The data stored in the warehouse is uploaded from the operational systems (such as marketing or
sales). The data may pass through an operational data store and may require data cleansing for
additional operations to ensure data quality before it is used in the DW for reporting.
The typical extract, transform, load (ETL)-based data warehouse uses staging, data integration, and
access layers to house its key functions. The staging layer or staging database stores raw data
extracted from each of the disparate source data systems. The integration layer integrates the
disparate data sets by transforming the data from the staging layer often storing this transformed
data in an operational data store (ODS) database. The integrated data are then moved to yet another
database, often called the data warehouse database, where the data is arranged into hierarchical
groups, often called dimensions, and into facts and aggregate facts. The combination of facts and
dimensions is sometimes called a star schema. The access layer helps users retrieve data.
The main source of the data is cleansed, transformed, catalogued, and made available for use by
managers and other business professionals for data mining, online analytical processing, market
research and decision support. However, the means to retrieve and analyze data, to extract,
transform, and load data, and to manage the data dictionary are also considered essential
components of a data warehousing system. Many references to data warehousing use this broader
context. Thus, an expanded definition for data warehousing includes business intelligence tools,
tools to extract, transform, and load data into the repository, and tools to manage and retrieve
metadata.

Benefits:
A data warehouse maintains a copy of information from the source transaction systems. This
architectural complexity provides the opportunity to:
• Integrate data from multiple sources into a single database and data model. More
congregation of data to single database so a single query engine can be used to present data
in an ODS.
• Mitigate the problem of database isolation level lock contention in transaction processing
systems caused by attempts to run large, long-running, analysis queries in transaction
processing databases.
• Maintain data history, even if the source transaction systems do not.

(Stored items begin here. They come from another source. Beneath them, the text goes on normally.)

(* Let $n\ge1$, $\gamma\ge0$, let $A$ be a disk in $\mathbb{R}^2$ of radius $n^\gamma$, and let $z>0$ with $z\le n^\gamma$. Let $Q$ be a convex cell of a partition of $A$ into convex cells each of diameter at most $z$. Let $s,d$ be independent uniformly distributed points in $A$. Then the probability that the line segment from $s$ to $d$ intersects $Q$ is at most $6\,\frac{z}{n^\gamma}$. *)

theory Defs
  imports "HOL-Analysis.Analysis"
begin

definition unif_pair :: "(real^2) set \<Rightarrow> ((real^2) \<times> (real^2)) measure" where
  "unif_pair A = uniform_measure lborel A \<Otimes>\<^sub>M uniform_measure lborel A"

end

theory Submission
  imports Defs "HOL-Probability.Probability"
begin

text \<open>
  Since \<open>Q\<close> has diameter at most \<open>z\<close>, it lies in a disk \<open>cball q z\<close>, so a segment \<open>[s, d]\<close>
  meeting \<open>Q\<close> has a point within \<open>z\<close> of \<open>q\<close>, in its second half or (swapping \<open>s\<close> and \<open>d\<close>)
  in its first half. In the first case, seen from \<open>s\<close>, the endpoint \<open>d\<close> is at most twice as far
  out as that point, so \<open>d\<close> lies in a rectangle of length \<open>2R + 2z\<close> in the direction of
  \<open>q - s\<close> and width \<open>4z\<close>, where \<open>R = n powr \<gamma>\<close> is the radius of \<open>A\<close>. For every \<open>s\<close> this has
  probability at most \<open>(2R + 2z) 4z / (\<pi> R\<^sup>2)\<close>, and integrating over \<open>s\<close> and adding the
  symmetric case gives \<open>8z (2R + 2z) / (\<pi> R\<^sup>2) \<le> 6z / R\<close> when \<open>6z \<le> R\<close>; otherwise the
  bound exceeds \<open>1\<close>.
\<close>

definition perp :: "real^2 \<Rightarrow> real^2" where
  "perp u = vector [- u$2, u$1]"

lemma inner_perp_self [simp]: "u \<bullet> perp u = 0"
  by (simp add: perp_def inner_vec_def sum_2 algebra_simps)

lemma inner_perp_perp [simp]: "perp u \<bullet> perp v = u \<bullet> v"
  by (simp add: perp_def inner_vec_def sum_2 algebra_simps)

lemma unit_vector_decompose:
  assumes "norm u = 1"
  shows "(v \<bullet> u) *\<^sub>R u + (v \<bullet> perp u) *\<^sub>R perp u = v"
proof -
  have "(v \<bullet> u) *\<^sub>R u + (v \<bullet> perp u) *\<^sub>R perp u = (u \<bullet> u) *\<^sub>R v"
    by (simp add: perp_def inner_vec_def sum_2 vec_eq_iff forall_2 algebra_simps)
  then show ?thesis
    using assms by (simp add: norm_eq_1)
qed

definition frame :: "real^2 \<Rightarrow> real^2 \<Rightarrow> real^2" where
  "frame u y = y$1 *\<^sub>R u + y$2 *\<^sub>R perp u"

lemma linear_frame: "linear (frame u)"
  by (intro linearI) (simp_all add: frame_def algebra_simps)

• Integrate data from multiple source systems, enabling a central view across the enterprise.
This benefit is always valuable, but particularly so when the organization has grown by
merger.
• Improve data quality, by providing consistent codes and descriptions, flagging or even fixing
bad data.
• Present the organization's information consistently.
• Provide a single common data model for all data of interest regardless of the data's source.
• Restructure the data so that it makes sense to the business users.
• Restructure the data so that it delivers excellent query performance, even for complex
analytic queries, without impacting the operational systems.
• Add value to operational business applications, notably customer relationship management
(CRM) systems.
• Make decision–support queries easier to write.